Implementing Adaptive Loss Weights via Callback - tf.compat.v1 #1085

PhilippBrendel · 2022-12-10T13:01:41Z

Hi everyone,

I've read in other Issues (e.g. #215 and #908) that adaptive Loss-Weights are not high-priority for DeepXDE, but I still want to test some approaches for that, as I see quite some potential for my current use-case.
However, implementing this via a Callback like the following does not really work for me so far (cf. Error-message below).
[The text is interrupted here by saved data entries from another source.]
lemma sublinear_shift_le:
  assumes p: "sublinear p" and t: "0 \<le> t"
  shows "sublinear_shift p y x \<le> p (x + t *\<^sub>R y) - t * p y"
proof -
  have "- p (- x) \<le> p (x + s *\<^sub>R y) - s * p y" if "0 \<le> s" for s
    using sublinear_add_le[OF p, of "x + s *\<^sub>R y" "- x"] sublinear_scaleR[OF p that, of y] by simp
  then have "bdd_below ((\<lambda>s. p (x + s *\<^sub>R y) - s * p y) ` {0..})"
    by (intro bdd_belowI2) auto
  then show ?thesis
    unfolding sublinear_shift_def using t by (auto intro: cINF_lower)
qed

lemma sublinear_shift_le_self: "sublinear p \<Longrightarrow> sublinear_shift p y x \<le> p x"
  using sublinear_shift_le[of p 0 y x] by simp

lemma sublinear_sublinear_shift:
  assumes p: "sublinear p"
  shows "sublinear (sublinear_shift p y)"
proof (rule sublinearI)
  fix x1 x2
  have "sublinear_shift p y (x1 + x2) \<le> (p (x1 + s *\<^sub>R y) - s * p y) + (p (x2 + t *\<^sub>R y) - t * p y)"
    if "0 \<le> s" "0 \<le> t" for s t
  proof -
    have "sublinear_shift p y (x1 + x2) \<le> p ((x1 + x2) + (s + t) *\<^sub>R y) - (s + t) * p y"
      by (rule sublinear_shift_le[OF p]) (use that in simp)
    also have "(x1 + x2) + (s + t) *\<^sub>R y = (x1 + s *\<^sub>R y) + (x2 + t *\<^sub>R y)"
      by (simp add: algebra_simps)
    also have "p \<dots> \<le> p (x1 + s *\<^sub>R y) + p (x2 + t *\<^sub>R y)"
      by (rule sublinear_add_le[OF p])
    finally show ?thesis by (simp add: algebra_simps)
  qed
  then show "sublinear_shift p y (x1 + x2) \<le> sublinear_shift p y x1 + sublinear_shift p y x2"
    unfolding sublinear_shift_def[of p y x1] sublinear_shift_def[of p y x2]
    by (intro le_INF_add) auto
next
  fix c :: real and x assume c: "0 < c"
  have "sublinear_shift p y (c *\<^sub>R x) / c \<le> p (x + t *\<^sub>R y) - t * p y" if "0 \<le> t" for t
  proof -
    have "sublinear_shift p y (c *\<^sub>R x) \<le> p (c *\<^sub>R (x + t *\<^sub>R y)) - (c * t) * p y"
      using sublinear_shift_le[OF p, of "c * t" y "c *\<^sub>R x"] c that by (simp add: algebra_simps)
    also have "\<dots> = c * (p (x + t *\<^sub>R y) - t * p y)"
      unfolding sublinear_scaleR[OF p less_imp_le[OF c]] by (simp add: algebra_simps)
    finally show ?thesis using c by (simp add: field_simps)
  qed
  then have "sublinear_shift p y (c *\<^sub>R x) / c \<le> sublinear_shift p y x"
    unfolding sublinear_shift_def[of p y x] by (intro cINF_greatest) auto
  then show "sublinear_shift p y (c *\<^sub>R x) \<le> c * sublinear_shift p y x"
    using c by (simp add: field_simps)
qed

lemma sublinear_INF_chain:
  fixes C :: "('a::real_vector \<Rightarrow> real) set"
  assumes p: "sublinear p" and ne: "C \<noteq> {}" and sub: "\<And>g. g \<in> C \<Longrightarrow> sublinear g \<and> g \<le> p"
    and chain: "\<And>g h. g \<in> C \<Longrightarrow> h \<in> C \<Longrightarrow> g \<le> h \<or> h \<le> g"
  shows "sublinear (\<lambda>x. INF g\<in>C. g x)" and "\<And>g. g \<in> C \<Longrightarrow> (\<lambda>x. INF g\<in>C. g x) \<le> g"
proof -
  have bdd: "bdd_below ((\<lambda>g. g x) ` C)" for x
  proof (rule bdd_belowI2)
    fix g assume "g \<in> C"
    then have "sublinear g" "g (- x) \<le> p (- x)" using sub by (auto simp: le_fun_def)
    then show "- p (- x) \<le> g x" using sublinear_neg_le[of g x] by linarith
  qed
  show "(\<lambda>x. INF g\<in>C. g x) \<le> g" if "g \<in> C" for g
    using that bdd by (auto simp: le_fun_def intro: cINF_lower)
  have sub_lin: "sublinear g" if "g \<in> C" for g using sub[OF that] ..
  show "sublinear (\<lambda>x. INF g\<in>C. g x)"
  proof (rule sublinearI)
    fix x y
    have "(INF g\<in>C. g (x + y)) \<le> g x + h y" if "g \<in> C" "h \<in> C" for g h
    proof -
      from chain[OF that] have "\<exists>k\<in>C. k \<le> g \<and> k \<le> h" using that by auto
      then obtain k where k: "k \<in> C" "k \<le> g" "k \<le> h" by blast
      have "(INF g\<in>C. g (x + y)) \<le> k (x + y)" using k bdd by (auto intro: cINF_lower)
      also have "\<dots> \<le> k x + k y" by (rule sublinear_add_le[OF sub_lin[OF k(1)]])
      also have "\<dots> \<le> g x + h y" using k by (simp add: add_mono le_funD)
      finally show ?thesis .
    qed
    then show "(INF g\<in>C. g (x + y)) \<le> (INF g\<in>C. g x) + (INF g\<in>C. g y)"
      using ne by (intro le_INF_add) auto
  next
    fix c :: real and x assume c: "0 < c"
    have "(INF g\<in>C. g (c *\<^sub>R x)) / c \<le> g x" if "g \<in> C" for g
    proof -
      have "(INF g\<in>C. g (c *\<^sub>R x)) \<le> g (c *\<^sub>R x)" using that bdd by (auto intro: cINF_lower)
      then show ?thesis using sublinear_scaleR[OF sub_lin[OF that], of c x] c by (simp add: field_simps)
    qed
    then have "(INF g\<in>C. g (c *\<^sub>R x)) / c \<le> (INF g\<in>C. g x)"
      using ne by (intro cINF_greatest) auto
    then show "(INF g\<in>C. g (c *\<^sub>R x)) \<le> c * (INF g\<in>C. g x)"
      using c by (simp add: field_simps)
  qed
qed
definition ham_cycles :: "'a set \<Rightarrow> 'a set set \<Rightarrow> 'a set set set" where
  "ham_cycles V E = {path_edges vs \<union> {{last vs, hd vs}} | vs.
      distinct vs \<and> set vs = V \<and> length vs \<ge> 3 \<and> path_edges vs \<union> {{last vs, hd vs}} \<subseteq> E}"

definition h0 :: "'a set \<Rightarrow> 'a set set \<Rightarrow> nat" where
  "h0 V E = card (ham_cycles V E)"

definition h1 :: "'a set \<Rightarrow> 'a set set \<Rightarrow> nat" where
  "h1 V E = card (ham_paths V E)"

end

theory Submission imports Defs begin

(* Every Hamiltonian cycle through x and y consists of two x-y segments
   x, S, y with disjoint interiors S, and the cycle determines its pair of segments up
   to swapping them.  Let X be the set of vertices moved from x to y.  A segment of
   G' = diamond E x y whose last interior vertex lies in X is reversed, all others
   are kept; the result is a segment of G, because the first interior vertex of a
   G'-segment is adjacent to both x and y in G, while vertices of X are adjacent to x.
   A reversed segment starts with a vertex of X, a kept one never does, so the map is
   invertible on segments and hence injective on Hamiltonian cycles: h0 G' <= h0 G.

   Adding an apex vertex adjacent to all vertices turns Hamiltonian paths of G
   bijectively into Hamiltonian cycles of the extended graph, and the extension
   commutes with the diamond operation; so the path inequality is the cycle
   inequality for the extended graphs. *)

lemma path_edges_Nil [simp]: "path_edges [] = {}"
  by (simp add: path_edges_def)

lemma path_edges_singleton [simp]: "path_edges [a] = {}"
  by (simp add: path_edges_def)

lemma path_edges_Cons_Cons [simp]:
  "path_edges (a # b # t) = insert {a, b} (path_edges (b # t))"
proof (rule set_eqI, rule iffI)
  fix e assume "e \<in> path_edges (a # b # t)"
  then obtain i where i: "Suc i < length (a # b # t)" "e = {(a # b # t) ! i, (a # b # t) ! Suc i}"
    unfolding path_edges_def by blast
  show "e \<in> insert {a, b} (path_edges (b # t))"
  proof (cases i)
    case 0
    then show ?thesis using i by simp
  next
    case (Suc j)
    then have "Suc j < length (b # t)" "e = {(b # t) ! j, (b # t) ! Suc j}" using i by auto
    then show ?thesis unfolding path_edges_def by blast
  qed
next
  fix e assume "e \<in> insert {a, b} (path_edges (b # t))"
  then show "e \<in> path_edges (a # b # t)"
  proof
    assume "e = {a, b}"
    then have "e = {(a # b # t) ! 0, (a # b # t) ! Suc 0}" by simp
    then show ?thesis unfolding path_edges_def by fastforce
  next
    assume "e \<in> path_edges (b # t)"
    then obtain j where "Suc j < length (b # t)" "e = {(b # t) ! j, (b # t) ! Suc j}"
      unfolding path_edges_def by blast
    then have "Suc (Suc j) < length (a # b # t)"
      "e = {(a # b # t) ! Suc j, (a # b # t) ! Suc (Suc j)}" by auto
    then show ?thesis unfolding path_edges_def by blast
  qed
qed

lemma path_edges_Cons:
  "path_edges (a # t) = (if t = [] then {} else insert {a, hd t} (path_edges t))"
  by (cases t) auto

lemma path_edges_snoc:
  "path_edges (xs @ [b]) = (if xs = [] then {} else insert {last xs, b} (path_edges xs))"
proof (induction xs)
  case (Cons a t)
  then show ?case by (cases t) auto
qed simp

lemma path_edges_rev [simp]: "path_edges (rev xs) = path_edges xs"
proof (induction xs)
  case (Cons a t)
  have "path_edges (rev (a # t)) = path_edges (rev t @ [a])" by simp
  also have "\<dots> = (if t = [] then {} else insert {a, hd t} (path_edges t))"
    using Cons by (simp add: path_edges_snoc last_rev insert_commute)
  also have "\<dots> = path_edges (a # t)" by (simp add: path_edges_Cons)
  finally show ?case .
qed simp

lemma path_edges_split:
  "path_edges (xs @ b # ys) = path_edges (xs @ [b]) \<union> path_edges (b # ys)"
proof (induction xs)
  case (Cons a t)
  then show ?case by (cases t) auto
qed simp

lemma path_edges_map: "path_edges (map f xs) = image f ` path_edges xs"
proof (induction xs)
  case (Cons a t)
  then show ?case by (cases t) auto
qed simp

lemma path_edgeE:
  assumes "e \<in> path_edges xs"
  obtains a b where "e = {a, b}" "a \<in> set xs" "b \<in> set xs" "distinct xs \<Longrightarrow> a \<noteq> b"
proof -
  obtain i where i: "Suc i < length xs" "e = {xs ! i, xs ! Suc i}"
    using assms unfolding path_edges_def by blast
  then have "distinct xs \<Longrightarrow> xs ! i \<noteq> xs ! Suc i" by (simp add: nth_eq_iff_index_eq)
  then show ?thesis using i by (intro that[of "xs ! i" "xs ! Suc i"]) auto
qed

lemma path_edge_avoids: "e \<in> path_edges xs \<Longrightarrow> v \<notin> set xs \<Longrightarrow> v \<notin> e"
  by (erule path_edgeE) auto

lemma path_edges_inj:
  "distinct xs \<Longrightarrow> distinct ys \<Longrightarrow> set xs = set ys \<Longrightarrow> hd xs = hd ys
   \<Longrightarrow> path_edges xs = path_edges ys \<Longrightarrow> xs = ys"
proof (induction xs arbitrary: ys)
  case (Cons a t)
  then obtain t2 where ys: "ys = a # t2" by (cases ys) auto
  have st: "set t = set t2" using Cons.prems ys by auto
  show ?case
  proof (cases "t = []")
    case True
    then show ?thesis using st ys by simp
  next
    case False
    then have t2: "t2 \<noteq> []" using st by auto
    have a: "a \<notin> set t" "a \<notin> set t2" using Cons.prems ys by auto
    have e1: "path_edges (a # t) = insert {a, hd t} (path_edges t)"
      and e2: "path_edges (a # t2) = insert {a, hd t2} (path_edges t2)"
      using False t2 by (simp_all add: path_edges_Cons)
    have n1: "{a, v} \<notin> path_edges t" and n2: "{a, v} \<notin> path_edges t2" for v
      using path_edge_avoids[of _ t a] path_edge_avoids[of _ t2 a] a by auto
    have "{a, hd t2} \<in> path_edges (a # t)" using Cons.prems(5) ys e2 by auto
    then have "{a, hd t2} = {a, hd t}" using e1 n1 by auto
    moreover have "hd t2 \<noteq> a" using a t2 by (metis hd_in_set)
    ultimately have hd_eq: "hd t = hd t2" by (auto simp: doubleton_eq_iff)
    then have "path_edges t = path_edges t2"
      using e1 e2 n1 n2 Cons.prems(5) ys by (metis insert_ident)
    then have "t = t2" using Cons.IH[of t2] Cons.prems ys st hd_eq by auto
    then show ?thesis using ys by simp
  qed
qed simp

definition cycle_edges :: "'a list \<Rightarrow> 'a set set" where
  "cycle_edges ws = path_edges ws \<union> {{last ws, hd ws}}"

lemma ham_cycles_cycle_edges:
  "ham_cycles V E =
     {cycle_edges vs | vs. distinct vs \<and> set vs = V \<and> length vs \<ge> 3 \<and> cycle_edges vs \<subseteq> E}"
  unfolding ham_cycles_def cycle_edges_def by simp

lemma cycle_edges_closed: "ws \<noteq> [] \<Longrightarrow> cycle_edges ws = path_edges (ws @ [hd ws])"
  unfolding cycle_edges_def by (simp add: path_edges_snoc)

lemma cycle_edges_Cons:
  "L \<noteq> [] \<Longrightarrow> cycle_edges (x # L) = insert {x, hd L} (insert {last L, x} (path_edges L))"
  unfolding cycle_edges_def by (auto simp: path_edges_Cons)

lemma cycle_edges_rotate: "cycle_edges (as @ x # bs) = cycle_edges (x # bs @ as)"
proof (cases as)
  case (Cons h t)
  have "cycle_edges (as @ x # bs) = path_edges ((h # t) @ x # (bs @ [h]))"
    using Cons by (simp add: cycle_edges_closed)
  also have "\<dots> = path_edges ((x # bs) @ [h]) \<union> path_edges (h # t @ [x])"
    by (subst path_edges_split) auto
  also have "\<dots> = path_edges ((x # bs) @ h # (t @ [x]))"
    by (rule path_edges_split[symmetric])
  also have "\<dots> = cycle_edges (x # bs @ as)"
    using Cons by (simp add: cycle_edges_closed)
  finally show ?thesis .
qed simp

lemma cycle_edges_inj:
  assumes "distinct (x # L1)" "distinct (x # L2)" "set L1 = set L2" "L1 \<noteq> []"
    and "cycle_edges (x # L1) = cycle_edges (x # L2)"
  shows "L2 = L1 \<or> L2 = rev L1"
proof -
  have L2: "L2 \<noteq> []" using assms by auto
  have x: "x \<notin> set L1" "x \<notin> set L2" using assms by auto
  have avoid: "path_edges L = {e \<in> cycle_edges (x # L). x \<notin> e}" if "L \<noteq> []" "x \<notin> set L" for L
    using that cycle_edges_Cons[of L x] path_edge_avoids[of _ L x] by auto
  have same_path: "path_edges L1 = path_edges L2"
    using avoid[of L1] avoid[of L2] assms x L2 by simp
  have "{x, hd L2} \<in> cycle_edges (x # L1)" using assms(5) cycle_edges_Cons[OF L2] by auto
  moreover have "{x, hd L2} \<notin> path_edges L1" using path_edge_avoids[of _ L1 x] x by auto
  moreover have "hd L2 \<noteq> x" using x L2 by (metis hd_in_set)
  ultimately have "hd L2 = hd L1 \<or> hd L2 = last L1"
    using cycle_edges_Cons[OF assms(4)] by (auto simp: doubleton_eq_iff)
  then show ?thesis
  proof
    assume "hd L2 = hd L1"
    then show ?thesis using path_edges_inj[of L1 L2] assms same_path by auto
  next
    assume "hd L2 = last L1"
    then have "rev L1 = L2" using path_edges_inj[of "rev L1" L2] assms same_path
      by (auto simp: hd_rev)
    then show ?thesis by auto
  qed
qed

lemma finite_ham_cycles:
  assumes "finite V"
  shows "finite (ham_cycles V E)"
proof -
  have "e \<subseteq> set vs" if "e \<in> cycle_edges vs" "vs \<noteq> []" for e and vs :: "'a list"
    using that unfolding cycle_edges_def by (auto elim: path_edgeE)
  then have "ham_cycles V E \<subseteq> Pow (Pow V)"
    unfolding ham_cycles_cycle_edges by fastforce
  then show ?thesis using assms by (meson finite_Pow_iff finite_subset)
qed

subsection \<open>Hamiltonian cycles as two segments between x and y\<close>

definition segment_edges :: "'a \<Rightarrow> 'a list \<Rightarrow> 'a \<Rightarrow> 'a set set" where
  "segment_edges a S b = path_edges (a # S @ [b])"

lemma segment_edges_Nil: "segment_edges a [] b = {{a, b}}"
  unfolding segment_edges_def by simp

lemma segment_edges_nonempty:
  "S \<noteq> [] \<Longrightarrow> segment_edges a S b = insert {a, hd S} (insert {last S, b} (path_edges S))"
  unfolding segment_edges_def by (auto simp: path_edges_Cons path_edges_snoc)

definition two_segment_cycle :: "'a \<Rightarrow> 'a \<Rightarrow> 'a list \<Rightarrow> 'a list \<Rightarrow> 'a set set" where
  "two_segment_cycle x y P R = segment_edges x P y \<union> segment_edges x R y"

text \<open>P and R are interiors of two segments that together cover V exactly once
  and form a genuine cycle (at least three vertices).\<close>
definition segment_split :: "'a set \<Rightarrow> 'a \<Rightarrow> 'a \<Rightarrow> 'a list \<Rightarrow> 'a list \<Rightarrow> bool" where
  "segment_split V x y P R \<longleftrightarrow> distinct (x # y # P @ R) \<and> set (x # y # P @ R) = V \<and> P @ R \<noteq> []"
class LossWeightCallback(dde.callbacks.Callback):
    def __init__(self, model):
        super().__init__()
        self.model = model

    def on_epoch_end(self):
        ....
        self.model.compile("adam", lr=1e-3, decay=None,
                                       loss_weights=[1,1,1,1])

Click for Error Message

Training model...

Step      Train loss                                  Test loss                                   Test metric
0         [9.15e+04, 2.41e+00, 1.07e-07, 2.08e-06]    [3.41e+04, 9.30e-01, 0.00e+00, 0.00e+00]    []
Compiling model...
'compile' took 9.111588 s

Traceback (most recent call last):
  File "D:\Anaconda3\envs\deepxde_tf24\lib\site-packages\tensorflow\python\client\session.py", line 1375, in _do_call
    return fn(*args)
  File "D:\Anaconda3\envs\deepxde_tf24\lib\site-packages\tensorflow\python\client\session.py", line 1359, in _run_fn
    return self._call_tf_sessionrun(options, feed_dict, fetch_list,
  File "D:\Anaconda3\envs\deepxde_tf24\lib\site-packages\tensorflow\python\client\session.py", line 1451, in _call_tf_sessionrun
    return tf_session.TF_SessionRun_wrapper(self._session, options, feed_dict,
tensorflow.python.framework.errors_impl.FailedPreconditionError: Attempting to use uninitialized value beta1_power_1
         [[{{node beta1_power_1/read}}]]

During handling of the above exception, another exception occurred:

Traceback (most recent call last):
  File "maxwell_quasistatic.py", line 1689, in <module>
    pinn.train()
  File "maxwell_quasistatic.py", line 1282, in train
    loss_hist, train_state = self.model.train(
  File "D:\Anaconda3\envs\deepxde_tf24\lib\site-packages\deepxde\utils\internal.py", line 22, in wrapper
    result = f(*args, **kwargs)
  File "D:\Anaconda3\envs\deepxde_tf24\lib\site-packages\deepxde\model.py", line 589, in train
    self._train_sgd(iterations, display_every)
  File "D:\Anaconda3\envs\deepxde_tf24\lib\site-packages\deepxde\model.py", line 606, in _train_sgd
    self._train_step(
  File "D:\Anaconda3\envs\deepxde_tf24\lib\site-packages\deepxde\model.py", line 505, in _train_step
    self.sess.run(self.train_step, feed_dict=feed_dict)
  File "D:\Anaconda3\envs\deepxde_tf24\lib\site-packages\tensorflow\python\client\session.py", line 967, in run
    result = self._run(None, fetches, feed_dict, options_ptr,
  File "D:\Anaconda3\envs\deepxde_tf24\lib\site-packages\tensorflow\python\client\session.py", line 1190, in _run
    results = self._do_run(handle, final_targets, final_fetches,
  File "D:\Anaconda3\envs\deepxde_tf24\lib\site-packages\tensorflow\python\client\session.py", line 1368, in _do_run
    return self._do_call(_run_fn, feeds, fetches, targets, options,
  File "D:\Anaconda3\envs\deepxde_tf24\lib\site-packages\tensorflow\python\client\session.py", line 1394, in _do_call
    raise type(e)(node_def, op, message)
tensorflow.python.framework.errors_impl.FailedPreconditionError: Attempting to use uninitialized value beta1_power_1
         [[node beta1_power_1/read (defined at D:\Anaconda3\envs\deepxde_tf24\lib\site-packages\deepxde\optimizers\tensorflow_compat_v1\optimizers.py:58) ]]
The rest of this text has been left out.